## What you have to do
Return all lines of the data in which the string "assumes" occurs.

Saved entries:
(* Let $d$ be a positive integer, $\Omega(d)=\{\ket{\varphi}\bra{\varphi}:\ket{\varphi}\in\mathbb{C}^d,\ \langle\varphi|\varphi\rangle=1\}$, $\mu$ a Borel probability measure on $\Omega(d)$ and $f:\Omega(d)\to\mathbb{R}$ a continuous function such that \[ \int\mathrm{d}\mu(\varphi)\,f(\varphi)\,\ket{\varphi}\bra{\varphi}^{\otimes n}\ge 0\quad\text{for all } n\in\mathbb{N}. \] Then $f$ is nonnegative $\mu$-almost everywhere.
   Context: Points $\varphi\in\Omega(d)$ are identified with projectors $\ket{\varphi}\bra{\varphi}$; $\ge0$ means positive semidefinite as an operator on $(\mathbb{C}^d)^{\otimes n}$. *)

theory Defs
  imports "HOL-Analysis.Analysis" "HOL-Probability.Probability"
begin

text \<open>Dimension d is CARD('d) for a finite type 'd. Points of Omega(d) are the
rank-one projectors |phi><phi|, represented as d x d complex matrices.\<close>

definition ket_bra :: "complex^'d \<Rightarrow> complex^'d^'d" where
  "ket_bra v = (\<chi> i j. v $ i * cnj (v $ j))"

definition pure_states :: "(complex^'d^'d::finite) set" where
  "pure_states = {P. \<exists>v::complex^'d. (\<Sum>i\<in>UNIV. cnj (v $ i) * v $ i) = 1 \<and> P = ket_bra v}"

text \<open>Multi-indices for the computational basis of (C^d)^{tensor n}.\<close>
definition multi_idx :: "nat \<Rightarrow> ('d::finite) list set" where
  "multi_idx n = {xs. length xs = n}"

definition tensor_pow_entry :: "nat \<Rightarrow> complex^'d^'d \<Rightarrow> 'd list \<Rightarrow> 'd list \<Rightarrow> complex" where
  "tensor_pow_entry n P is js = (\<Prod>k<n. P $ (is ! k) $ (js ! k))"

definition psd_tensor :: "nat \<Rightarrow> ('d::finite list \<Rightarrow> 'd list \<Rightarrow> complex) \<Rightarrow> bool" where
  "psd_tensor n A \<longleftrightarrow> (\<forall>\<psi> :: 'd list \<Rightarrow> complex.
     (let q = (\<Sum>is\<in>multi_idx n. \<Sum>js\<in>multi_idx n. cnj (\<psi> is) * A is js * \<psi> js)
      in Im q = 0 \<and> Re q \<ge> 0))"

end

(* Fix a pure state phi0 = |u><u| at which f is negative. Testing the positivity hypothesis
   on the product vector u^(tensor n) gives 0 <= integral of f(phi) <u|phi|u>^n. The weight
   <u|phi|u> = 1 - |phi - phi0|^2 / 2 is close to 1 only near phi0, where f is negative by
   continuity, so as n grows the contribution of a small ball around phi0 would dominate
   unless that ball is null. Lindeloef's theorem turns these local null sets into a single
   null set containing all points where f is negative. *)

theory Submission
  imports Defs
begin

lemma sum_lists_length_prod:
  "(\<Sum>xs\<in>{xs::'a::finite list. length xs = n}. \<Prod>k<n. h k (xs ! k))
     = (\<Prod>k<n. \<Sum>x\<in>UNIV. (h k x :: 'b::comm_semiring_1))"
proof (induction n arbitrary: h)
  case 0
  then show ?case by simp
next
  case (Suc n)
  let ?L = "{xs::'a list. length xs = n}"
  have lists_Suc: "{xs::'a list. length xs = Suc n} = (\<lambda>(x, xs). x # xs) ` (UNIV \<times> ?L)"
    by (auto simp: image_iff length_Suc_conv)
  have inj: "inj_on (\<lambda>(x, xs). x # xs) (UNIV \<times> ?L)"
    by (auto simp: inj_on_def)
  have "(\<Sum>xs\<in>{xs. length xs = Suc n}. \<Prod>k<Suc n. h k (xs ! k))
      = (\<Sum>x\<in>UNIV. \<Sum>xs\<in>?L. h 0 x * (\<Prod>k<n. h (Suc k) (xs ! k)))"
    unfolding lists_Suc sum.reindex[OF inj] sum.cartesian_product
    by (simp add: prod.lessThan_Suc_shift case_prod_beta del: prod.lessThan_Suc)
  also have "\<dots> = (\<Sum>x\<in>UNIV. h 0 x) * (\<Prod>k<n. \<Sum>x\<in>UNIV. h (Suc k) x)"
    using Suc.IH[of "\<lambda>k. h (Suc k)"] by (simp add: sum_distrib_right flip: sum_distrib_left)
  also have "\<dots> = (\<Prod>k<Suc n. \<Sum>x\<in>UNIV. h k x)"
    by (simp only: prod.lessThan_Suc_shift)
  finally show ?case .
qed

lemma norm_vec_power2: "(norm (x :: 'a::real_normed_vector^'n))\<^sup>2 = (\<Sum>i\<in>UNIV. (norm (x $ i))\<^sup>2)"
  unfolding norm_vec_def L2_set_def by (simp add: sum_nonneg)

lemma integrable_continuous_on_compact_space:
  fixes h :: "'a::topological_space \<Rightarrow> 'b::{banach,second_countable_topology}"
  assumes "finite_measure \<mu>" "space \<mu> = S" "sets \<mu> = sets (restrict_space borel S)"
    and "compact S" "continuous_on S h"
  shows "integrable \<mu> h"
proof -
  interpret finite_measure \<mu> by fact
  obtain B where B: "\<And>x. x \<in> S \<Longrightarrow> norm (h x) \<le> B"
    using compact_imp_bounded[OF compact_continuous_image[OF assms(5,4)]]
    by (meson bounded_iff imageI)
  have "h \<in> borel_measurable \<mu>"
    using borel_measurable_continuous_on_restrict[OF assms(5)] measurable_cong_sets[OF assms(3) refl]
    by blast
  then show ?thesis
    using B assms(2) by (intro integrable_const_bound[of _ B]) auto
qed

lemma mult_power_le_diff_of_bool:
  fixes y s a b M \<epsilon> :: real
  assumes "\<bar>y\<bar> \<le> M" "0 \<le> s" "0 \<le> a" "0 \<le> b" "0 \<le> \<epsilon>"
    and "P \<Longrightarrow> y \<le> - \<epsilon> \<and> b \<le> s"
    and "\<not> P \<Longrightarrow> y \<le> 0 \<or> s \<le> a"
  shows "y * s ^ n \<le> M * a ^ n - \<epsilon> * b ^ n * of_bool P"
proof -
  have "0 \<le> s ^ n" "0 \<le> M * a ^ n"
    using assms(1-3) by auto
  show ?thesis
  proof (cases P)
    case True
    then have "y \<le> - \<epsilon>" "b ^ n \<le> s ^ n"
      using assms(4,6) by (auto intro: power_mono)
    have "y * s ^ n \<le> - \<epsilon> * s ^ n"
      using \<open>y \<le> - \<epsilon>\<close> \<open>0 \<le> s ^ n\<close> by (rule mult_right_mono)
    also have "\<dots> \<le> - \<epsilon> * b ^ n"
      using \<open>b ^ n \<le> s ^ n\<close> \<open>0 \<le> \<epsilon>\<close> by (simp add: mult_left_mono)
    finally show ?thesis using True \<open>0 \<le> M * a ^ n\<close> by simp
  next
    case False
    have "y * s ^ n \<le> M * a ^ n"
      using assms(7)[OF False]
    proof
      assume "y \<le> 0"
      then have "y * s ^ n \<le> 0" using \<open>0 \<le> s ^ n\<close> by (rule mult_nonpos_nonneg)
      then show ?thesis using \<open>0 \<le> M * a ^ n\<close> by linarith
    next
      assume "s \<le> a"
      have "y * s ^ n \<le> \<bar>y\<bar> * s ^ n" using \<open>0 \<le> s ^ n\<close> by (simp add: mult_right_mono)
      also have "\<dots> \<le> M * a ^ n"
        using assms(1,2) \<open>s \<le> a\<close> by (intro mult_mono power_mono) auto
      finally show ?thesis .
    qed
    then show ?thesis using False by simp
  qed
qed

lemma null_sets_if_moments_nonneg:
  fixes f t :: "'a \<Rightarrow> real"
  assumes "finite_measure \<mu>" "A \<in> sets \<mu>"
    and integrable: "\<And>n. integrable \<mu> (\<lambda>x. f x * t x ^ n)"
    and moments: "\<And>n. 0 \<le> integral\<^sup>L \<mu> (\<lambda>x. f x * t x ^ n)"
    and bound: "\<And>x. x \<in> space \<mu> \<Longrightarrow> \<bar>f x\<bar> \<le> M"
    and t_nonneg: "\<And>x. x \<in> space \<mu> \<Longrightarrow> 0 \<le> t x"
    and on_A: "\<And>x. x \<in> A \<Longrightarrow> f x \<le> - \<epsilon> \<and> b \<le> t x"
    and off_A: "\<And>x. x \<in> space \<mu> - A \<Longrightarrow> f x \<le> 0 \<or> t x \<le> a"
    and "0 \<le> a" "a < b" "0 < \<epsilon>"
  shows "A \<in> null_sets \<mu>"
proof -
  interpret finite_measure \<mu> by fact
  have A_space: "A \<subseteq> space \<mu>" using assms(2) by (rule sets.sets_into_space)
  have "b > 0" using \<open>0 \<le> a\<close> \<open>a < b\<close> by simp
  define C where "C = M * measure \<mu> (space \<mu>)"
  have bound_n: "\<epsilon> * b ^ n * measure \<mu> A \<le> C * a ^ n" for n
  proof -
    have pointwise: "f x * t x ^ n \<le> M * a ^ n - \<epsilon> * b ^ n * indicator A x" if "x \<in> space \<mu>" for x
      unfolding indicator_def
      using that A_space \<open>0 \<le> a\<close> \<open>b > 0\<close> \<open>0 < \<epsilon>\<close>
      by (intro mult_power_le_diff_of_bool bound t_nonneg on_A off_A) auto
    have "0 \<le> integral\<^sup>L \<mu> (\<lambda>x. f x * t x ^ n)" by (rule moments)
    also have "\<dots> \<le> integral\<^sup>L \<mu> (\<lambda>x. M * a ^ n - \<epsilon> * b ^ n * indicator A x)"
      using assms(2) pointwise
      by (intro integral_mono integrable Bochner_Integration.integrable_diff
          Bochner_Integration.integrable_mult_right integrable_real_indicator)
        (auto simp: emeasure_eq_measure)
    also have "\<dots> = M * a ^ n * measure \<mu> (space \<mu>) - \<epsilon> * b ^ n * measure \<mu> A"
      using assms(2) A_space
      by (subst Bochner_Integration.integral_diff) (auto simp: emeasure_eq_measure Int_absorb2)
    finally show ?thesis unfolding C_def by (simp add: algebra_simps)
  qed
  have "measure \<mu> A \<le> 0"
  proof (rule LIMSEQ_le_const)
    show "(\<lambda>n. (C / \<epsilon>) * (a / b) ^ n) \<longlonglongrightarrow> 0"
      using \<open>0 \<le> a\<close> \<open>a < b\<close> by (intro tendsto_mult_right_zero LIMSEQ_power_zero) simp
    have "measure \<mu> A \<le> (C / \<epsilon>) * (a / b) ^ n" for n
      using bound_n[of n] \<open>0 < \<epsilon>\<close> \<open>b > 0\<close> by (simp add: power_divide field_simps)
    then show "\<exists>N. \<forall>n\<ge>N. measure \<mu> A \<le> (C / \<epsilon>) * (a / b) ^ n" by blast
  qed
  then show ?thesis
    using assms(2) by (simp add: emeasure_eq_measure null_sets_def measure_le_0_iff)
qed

## Exercise answer
  assumes "finite_measure \<mu>" "space \<mu> = S" "sets \<mu> = sets (restrict_space borel S)"
  assumes "\<bar>y\<bar> \<le> M" "0 \<le> s" "0 \<le> a" "0 \<le> b" "0 \<le> \<epsilon>"
  assumes "finite_measure \<mu>" "A \<in> sets \<mu>"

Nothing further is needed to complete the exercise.